Historic commandery of China

Beihai Commandery (北海郡) was a historical commandery of China, located in present-day northern Shandong province.

Beihai was created during Emperor Jing of Han's reign. According to Zhou Zhenhe, Beihai was likely established on six counties from Jiaoxi Kingdom, and gradually expanded its borders over the rest of Western Han as marquessates from neighboring kingdoms were added to the commandery. In late Western Han, it covered 26 counties and marquessates: Yingling (營陵), Jukui (劇魁), Anqiu (安丘), Zhi (瓡), Chunyu (淳于), Yi (益), Pingshou (平壽), Ju (劇), Duchang (都昌), Pingwang (平望), Pingdi (平的), Liuquan (柳泉), Shouguang (壽光), Lewang (樂望), Rao (饒), Zhen (斟), Sangdu (桑犢), Pingcheng (平城), Mixiang (密鄉), Yangshi (羊石), Ledu (樂都), Shixiang (石鄉), Shangxiang (上鄉), Xincheng (新成), Chengxiang (成鄉) and Jiaoyang (膠陽). The population in 2 AD was 593,159, or 127,000 households.

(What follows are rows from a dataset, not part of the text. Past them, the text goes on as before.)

(* For all integers $i,j,m\ge0$, $$\overline{\mathfrak{C}}_{ijm}=\frac{(i+j-m+2)(i-j+m+2)(-i+j+m+2)(i+j+m+6)}{4\sqrt{2\pi(i+1)(i+3)(j+1)(j+3)(m+1)(m+3)}}\cdot\mathbf{1}(|j-m|\le i\le j+m)\,\mathbf{1}(|i-m|\le j\le i+m)\,\mathbf{1}(|i-j|\le m\le i+j)$$ $$\cdot\,\mathbf{1}(j+m-i\in2\mathbb{N}\cup\{0\})\,\mathbf{1}(i+m-j\in2\mathbb{N}\cup\{0\})\,\mathbf{1}(i+j-m\in2\mathbb{N}\cup\{0\}).$$
   Context: $\mathfrak{e}_n(x)=\mathfrak{N}_nP_n^{(3/2,3/2)}(\cos x)$ with $P_n^{(3/2,3/2)}$ the Jacobi polynomial, $\omega_n=n+2$ and $\mathfrak{N}_n=\frac{\sqrt{\omega_n\Gamma(1+n)\Gamma(4+n)}}{2\sqrt2\,\Gamma(5/2+n)}$. $\overline{\mathfrak{C}}_{ijm}=\int_0^\pi\mathfrak{e}_i\mathfrak{e}_j\mathfrak{e}_m\sin^4x\,dx$. $\mathbf{1}(\cdot)$ is the indicator of the condition. *)

theory Defs
  imports "HOL-Analysis.Analysis"
begin

definition jacobiP :: "nat \<Rightarrow> real \<Rightarrow> real \<Rightarrow> real \<Rightarrow> real" where
  "jacobiP n a b x =
     (\<Sum>s\<le>n. ((real n + a) gchoose (n - s)) * ((real n + b) gchoose s)
              * ((x - 1) / 2) ^ s * ((x + 1) / 2) ^ (n - s))"

definition omega_n :: "nat \<Rightarrow> real" where
  "omega_n n = real n + 2"

definition normN :: "nat \<Rightarrow> real" where
  "normN n = sqrt (omega_n n * Gamma (1 + real n) * Gamma (4 + real n))
             / (2 * sqrt 2 * Gamma (5/2 + real n))"

definition efun :: "nat \<Rightarrow> real \<Rightarrow> real" where
  "efun n x = normN n * jacobiP n (3/2) (3/2) (cos x)"

definition Cbar :: "nat \<Rightarrow> nat \<Rightarrow> nat \<Rightarrow> real" where
  "Cbar i j m = integral {0..pi} (\<lambda>x. efun i x * efun j x * efun m x * sin x ^ 4)"

definition ind :: "bool \<Rightarrow> real" where
  "ind P = (if P then 1 else 0)"

end

theory Submission
  imports Defs
begin

text \<open>
  With phi = t/2 the Jacobi sum for P_n^(1/2,1/2)(cos t) sin t becomes, up to a constant, the
  binomial expansion of sin((2n+2) phi). Differentiating, and using that the derivative of
  P_(n+1)^(1/2,1/2) is (n+3)/2 P_n^(3/2,3/2), shows that sin^3 t P_n^(3/2,3/2)(cos t) is a multiple of
  cos t sin((n+2)t) - (n+2) sin t cos((n+2)t). Hence suitably rescaled functions g_n satisfy
  (n+1) g_(n+1) + (n+3) g_(n-1) = 2 (n+2) cos t g_n, and evaluating the integral of
  cos t g_a g_b g_c sin^4 t with this recurrence in a and in b gives a linear recurrence for the
  triple integrals J(a,b,c). That recurrence, the symmetry of J and the values J(0,0,m) determine J.
  The claimed closed form satisfies the same three conditions, because its polynomial factor
  vanishes where a triangle inequality fails by exactly 2. The normalisation of the e_n only
  contributes a Gamma function computation.
\<close>

lemma gbinomial_Suc_mult:
  "of_nat (Suc k) * ((a::'a::field_char_0) gchoose Suc k) = (a - of_nat k) * (a gchoose k)"
  unfolding gbinomial_absorption gbinomial_absorb_comp ..

lemma Im_i_power: "Im (\<i> ^ k) = (if even k then 0 else (-1) ^ (k div 2))"
proof (cases "even k")
  case True then show ?thesis by simp
next
  case False
  then obtain j where "k = Suc (j * 2)" by (metis oddE mult.commute Suc_eq_plus1)
  then show ?thesis by simp
qed

lemma sin_even_multiple:
  "sin (real (2 * n + 2) * x) =
    (\<Sum>j\<le>n. real ((2 * n + 2) choose (2 * j + 1)) * (-1) ^ j * sin x ^ (2 * j + 1) * cos x ^ (2 * n + 1 - 2 * j))"
proof -
  define N where "N = 2 * Suc n"
  define t where "t k = real (N choose k) * Im (\<i> ^ k) * sin x ^ k * cos x ^ (N - k)" for k
  have "cis x = \<i> * complex_of_real (sin x) + complex_of_real (cos x)"
    by (simp add: complex_eq_iff)
  then have "sin (real N * x) = Im ((\<i> * complex_of_real (sin x) + complex_of_real (cos x)) ^ N)"
    by (simp add: sin_n_Im_cis_pow_n)
  also have "\<dots> = (\<Sum>k\<le>N. t k)"
    by (simp add: binomial_ring t_def power_mult_distrib mult.assoc flip: of_real_power)
  also have "\<dots> = (\<Sum>k<N. t k)"
    by (simp add: N_def t_def Im_i_power flip: lessThan_Suc_atMost)
  also have "\<dots> = (\<Sum>k<2 * Suc n. if even k then 0 else t k)"
    unfolding N_def by (rule sum.cong) (auto simp: t_def Im_i_power)
  also have "\<dots> = (\<Sum>j<Suc n. t (2 * j + 1))"
    by (simp add: sum_split_even_odd)
  finally show ?thesis
    by (simp add: N_def t_def lessThan_Suc_atMost Im_i_power mult_ac)
qed

lemma proportional_if_same_ratio:
  fixes f h p q :: "nat \<Rightarrow> 'a::field"
  assumes f: "\<And>j. j < n \<Longrightarrow> f (Suc j) * p j = f j * q j"
    and h: "\<And>j. j < n \<Longrightarrow> h (Suc j) * p j = h j * q j"
    and p: "\<And>j. j < n \<Longrightarrow> p j \<noteq> 0"
    and "j \<le> n"
  shows "f j * h 0 = h j * f 0"
  using \<open>j \<le> n\<close>
proof (induction j)
  case (Suc j)
  then have "j < n" by simp
  have "f (Suc j) * h 0 * p j = f j * h 0 * q j"
    using f[OF \<open>j < n\<close>] by (simp add: mult_ac)
  also have "\<dots> = h j * f 0 * q j"
    using Suc by simp
  also have "\<dots> = h (Suc j) * f 0 * p j"
    using h[OF \<open>j < n\<close>] by (simp add: mult_ac)
  finally show ?case
    using p[OF \<open>j < n\<close>] by simp
qed simp

lemma gbinomial_half_product_step:
  assumes "j < n"
  shows "((real n + 1/2) gchoose (n - Suc j)) * ((real n + 1/2) gchoose Suc j) * ((real j + 1) * (real j + 3/2))
       = ((real n + 1/2) gchoose (n - j)) * ((real n + 1/2) gchoose j) * ((real n - real j) * (real n - real j + 1/2))"
proof -
  define r where "r = real n + 1/2"
  have "n - j = Suc (n - Suc j)"
    using assms by simp
  then have upper: "(real j + 3/2) * (r gchoose (n - Suc j)) = (real n - real j) * (r gchoose (n - j))"
    using gbinomial_Suc_mult[of "n - Suc j" r] assms by (simp add: r_def algebra_simps)
  have lower: "(real j + 1) * (r gchoose Suc j) = (real n - real j + 1/2) * (r gchoose j)"
    using gbinomial_Suc_mult[of j r] by (simp add: r_def algebra_simps)
  have "(r gchoose (n - Suc j)) * (r gchoose Suc j) * ((real j + 1) * (real j + 3/2))
      = ((real j + 3/2) * (r gchoose (n - Suc j))) * ((real j + 1) * (r gchoose Suc j))"
    by (simp only: mult_ac)
  also have "\<dots> = (r gchoose (n - j)) * (r gchoose j) * ((real n - real j) * (real n - real j + 1/2))"
    unfolding upper lower by (simp only: mult_ac)
  finally show ?thesis
    unfolding r_def .
qed

lemma gbinomial_odd_step:
  "(real (2 * n + 2) gchoose (2 * Suc j + 1)) * ((real j + 1) * (real j + 3/2))
     = (real (2 * n + 2) gchoose (2 * j + 1)) * ((real n - real j) * (real n - real j + 1/2))"
proof -
  define N where "N = real (2 * n + 2)"
  have step3: "real (2 * j + 3) * (N gchoose (2 * j + 3)) = (N - real (2 * j + 2)) * (N gchoose (2 * j + 2))"
    using gbinomial_Suc_mult[of "2 * j + 2" N] by (simp add: numeral_3_eq_3)
  have step2: "real (2 * j + 2) * (N gchoose (2 * j + 2)) = (N - real (2 * j + 1)) * (N gchoose (2 * j + 1))"
    using gbinomial_Suc_mult[of "2 * j + 1" N] by simp
  have "(N gchoose (2 * Suc j + 1)) * ((real j + 1) * (real j + 3/2))
      = (real (2 * j + 3) * (N gchoose (2 * j + 3))) * real (2 * j + 2) / 4"
    by (simp add: numeral_3_eq_3 algebra_simps)
  also have "\<dots> = (N - real (2 * j + 2)) * (real (2 * j + 2) * (N gchoose (2 * j + 2))) / 4"
    unfolding step3 by (simp only: mult_ac)
  also have "\<dots> = (N gchoose (2 * j + 1)) * ((real n - real j) * (real n - real j + 1/2))"
    unfolding step2 by (simp add: N_def field_simps)
  finally show ?thesis
    unfolding N_def .
qed

lemma gbinomial_half_product:
  assumes "j \<le> n"
  shows "2 * (((real n + 1/2) gchoose (n - j)) * ((real n + 1/2) gchoose j))
       = ((real n + 1/2) gchoose n) / (real n + 1) * real ((2 * n + 2) choose (2 * j + 1))"
proof -
  define f where "f j = ((real n + 1/2) gchoose (n - j)) * ((real n + 1/2) gchoose j)" for j
  define h where "h j = real (2 * n + 2) gchoose (2 * j + 1)" for j
  have "f j * h 0 = h j * f 0"
  proof (rule proportional_if_same_ratio[where p = "\<lambda>j. (real j + 1) * (real j + 3/2)"
        and q = "\<lambda>j. (real n - real j) * (real n - real j + 1/2)"])
    show "f (Suc k) * ((real k + 1) * (real k + 3/2)) = f k * ((real n - real k) * (real n - real k + 1/2))"
      if "k < n" for k
      using gbinomial_half_product_step[OF that] by (simp only: f_def)
    show "h (Suc k) * ((real k + 1) * (real k + 3/2)) = h k * ((real n - real k) * (real n - real k + 1/2))" for k
      using gbinomial_odd_step by (simp only: h_def)
    show "(real k + 1) * (real k + 3/2) \<noteq> 0" for k
      by (simp add: add_pos_pos)
  qed (rule assms)
  moreover have "h 0 = 2 * (real n + 1)" "f 0 = (real n + 1/2) gchoose n"
    by (simp_all add: h_def f_def)
  ultimately have "2 * f j = ((real n + 1/2) gchoose n) / (real n + 1) * h j"
    by (simp add: field_simps)
  then show ?thesis
    by (simp only: f_def h_def binomial_gbinomial)
qed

In early Eastern Han, the neighboring commanderies Zichuan, Gaomi and Jiaodong were merged into Beihai. In 52, it became a kingdom, and was gifted to Liu Xing (劉興), who was the adopted son of Liu Zhong (劉仲), a brother of the Emperor Guangwu, as his fief. His descendants held the kingdom until 206, when it was converted to a commandery again. The Book of Later Han recorded 7 kings of Beihai:

- Liu Xing (興), King Jing (靖) of Beihai, 52–65;
- Liu Mu (睦), King Jing (敬) of Beihai, 65–76;
- Liu Ji (基), King Ai (哀) of Beihai, 76–90;
- Liu Wei (威), 90–97;
- Liu Pu (普), King Qing (頃) of Beihai, 107–125;
- Liu Yi (翼), King Gong (恭) of Beihai, 125–140;
- King Kang (康) of Beihai, 140–?

In 140 AD, the kingdom administered 18 counties and marquessates: Ju, Yingling, Pingshou, Duchang, Anqiu, Chunyu, Pingchang (平昌), Zhuxu (朱虛), Dong'anping (東安平), Gaomi (高密), Chang'an (昌安), Yi'an (夷安), Jiaodong (膠東), Jimo (即墨), Zhuangwu (壯武), Xiami (下密) and Ting (挺). The population was 853,604, or 158,641 households. ] Kong Rong was a noted governor during the Late Han dynasty - he later surrendered the territory to Yuan Tan.

From Cao Wei to Jin dynasties, Beihai's territory was much reduced, as a number of new commanderies including Gaomi, Chengyang (城陽) and Pingchang was created. In Liu Song dynasty, Beihai covered 6 counties (Duchang, Jiaodong, Ju, Jimo, Xiami, Pingshou) and had a population of 35,995, in 3,968 households. During Emperor Ming of Song's reign, the region was conquered by Northern Wei along with the rest of Song territories north of Huai River. The commandery was abolished in early Sui dynasty.

In Sui and Tang dynasties, Beihai Commandery became an alternative name of Qing Prefecture. In 741, there were 7 counties, namely Yidu, Linzi, Qiansheng (千乘), Shouguang, Linqu, Bochang (博昌) and Beihai. The population was 402,704, in 73,148 households.